# Nonregular Languages

## Learning Objectives
After completing this chapter, you will be able to:

* Understand the intuition behind why nonregular languages exist and what properties they require.
* Understand and use the pigeonhole principle.
* Prove certain languages are nonregular by applying the pumping lemma.

## 1. Not All Languages Are Regular

The regular languages are languages that can be recognized by finite automata. A critical idea with finite automata is they are, well, *finite*, which means they have a finite number of states and can be viewed as only able to remember a finite number of things.

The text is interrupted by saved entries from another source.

(* Let $s\in\mathbb{N}$ and $a,c\in\mathbb{Z}_p$ with $c\neq 0$. Let $L_7(s,a,c)$ be the $\mathbb{Z}_p$-Lie lattice with basis $x_0,x_1,x_2$ and brackets $[x_1,x_2]=0$, $[x_0,x_1]=p^sax_1+p^scx_2$, $[x_0,x_2]=p^sx_1$. Assume that one of the following holds: (1) $v_p(a)\geqslant 1$ and $v_p(c)\geqslant 2$; (2) $v_p(a)=0$ and $v_p(c)\geqslant 1$; (3) $p\geqslant 3$, $a\neq 0$, $v_p(a)\geqslant 1$ and $v_p(c)=0$; (4) $a=0$, $v_p(c)=0$ and $c$ is not a square modulo $p$; (5) $v_p(a)=0$, $v_p(c)=0$ and $v_p(4c+a^2)\neq 1$. Then $L_7(s,a,c)$ is not self-similar of index $p$.
   Context: $p$ is any prime, $\mathbb{N}=\{0,1,2,\dots\}$, $v_p$ is the $p$-adic valuation. A virtual endomorphism of a $\mathbb{Z}_p$-Lie lattice $L$ is a homomorphism of algebras $\varphi:M\to L$ with $M\subseteq L$ a finite-index subalgebra, of index $[L:M]$. An ideal $I$ of $L$ is $\varphi$-invariant if it lies in the domain of every power of $\varphi$ and $\varphi(I)\subseteq I$; $\varphi$ is simple if no non-zero ideal is $\varphi$-invariant. $L$ is self-similar of index $p^k$ if it has a simple virtual endomorphism of index $p^k$. *)

theory Defs
  imports Main "HOL-Library.Extended_Nat" "HOL-Computational_Algebra.Primes"
begin

text \<open>An element of \<open>\<int>\<^sub>p\<close> is represented by its coherent sequence of residues:
  \<open>f n\<close> is the residue modulo \<open>p^n\<close> (in \<open>{0..<p^n}\<close>), and \<open>f n = f (n+1) mod p^n\<close>.\<close>

definition zp :: "nat \<Rightarrow> (nat \<Rightarrow> int) set" where
  "zp p = {f. \<forall>n. 0 \<le> f n \<and> f n < int p ^ n \<and> f n = f (Suc n) mod (int p ^ n)}"

definition zp_zero :: "nat \<Rightarrow> int" where
  "zp_zero = (\<lambda>n. 0)"

definition zp_of_int :: "nat \<Rightarrow> int \<Rightarrow> (nat \<Rightarrow> int)" where
  "zp_of_int p k = (\<lambda>n. k mod (int p ^ n))"
lemma catalan_triangle_formula_pascal:
  assumes "Suc r \<le> k"
  shows "catalan_triangle_formula (Suc k) r + catalan_triangle_formula k (Suc r) =
         catalan_triangle_formula (Suc k) (Suc r)"
proof -
  have "fact (Suc k + r) = (real k + real r + 1) * fact (k + r)"
       "fact (k + Suc r) = (real k + real r + 1) * fact (k + r)"
       "fact (Suc k + Suc r) = (real k + real r + 2) * (real k + real r + 1) * fact (k + r)"
       "fact (Suc k + 1) = (real k + 2) * (real k + 1) * fact k"
       "fact (k + 1) = (real k + 1) * fact k"
       "fact (Suc r) = (real r + 1) * fact r"
    by (simp_all add: algebra_simps)
  moreover have "(fact k :: real) > 0" "(fact r :: real) > 0" "(fact (k + r) :: real) > 0" by auto
  ultimately show ?thesis
    unfolding catalan_triangle_formula_def by (simp add: divide_simps, simp add: algebra_simps)
qed

lemma sum_catalan_triangle_formula:
  "r \<le> k \<Longrightarrow> (\<Sum>i\<le>r. catalan_triangle_formula k i) = catalan_triangle_formula (Suc k) r"
proof (induction r)
  case 0
  have "(fact k :: real) > 0" by auto
  then show ?case by (simp add: catalan_triangle_formula_def divide_simps)
next
  case (Suc r)
  then show ?case by (simp add: catalan_triangle_formula_pascal)
qed

lemma catalan_triangle_formula_diagonal:
  "catalan_triangle_formula (Suc k) k = catalan_triangle_formula (Suc k) (Suc k)"
proof -
  have cancel: "2 * x / (y * z) = 2 * (real k + 1) * x / (y * ((real k + 1) * z))" for x y z :: real
    using mult_divide_mult_cancel_left[of "real k + 1" "2 * x" "y * z"] by (simp add: ac_simps)
  have "fact (Suc k + Suc k) = 2 * (real k + 1) * fact (Suc k + k)"
       "fact (Suc k) = (real k + 1) * fact k"
    by (simp_all add: algebra_simps)
  then show ?thesis
    unfolding catalan_triangle_formula_def by (simp add: cancel, simp add: algebra_simps)
qed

If we wanted a finite automata that recognized the language consisting of the single word $ab$ that would be easy enough to diagram.

STATE DIAGRAM GOES HERE

If we wanted a finite automata that recognized the two words $ab$ or $aabb$ we could do that too.

STATE DIAGRAM GOES HERE

In fact, for any finite $k$, if we wanted a finite automata that recognized all words of the form $a^{n}b^{n}$ with $n \leq k$ that would be possible.

STATE DIAGRAM GOES HERE

For any of these, the machine needs to "remember" the number of $a$'s it has read in order to make sure it then reads the same number of $b$'s, but only up to a finite number of $a$'s. So, the amount of memory it needs in order to remember the number of $a$'s is bounded - in other words, it's *finite*.

However, suppose we wanted to build a finite automata that recognized all words of the form $a^{n}b^{n}$ for *any* possible value of $n$. Well, in this case there would be no bound on the number of $a$'s the machine might need to remember, and so there would be no bound on the amount of "memory" the machine would need to have. This, it turns out, is an insurmountable problem, and it's not possible to build a finite automaton that recognizes that language. In other words, the language

<center>
  $L = \{a^{n}b^{n} | n \geq 0\}$
</center>

is *not* a regular language, and therefore nonregular languages exist. Now, the explanation given here is meant to be intuitive, and not a formal proof. We'll return and give a formal proof later in this section.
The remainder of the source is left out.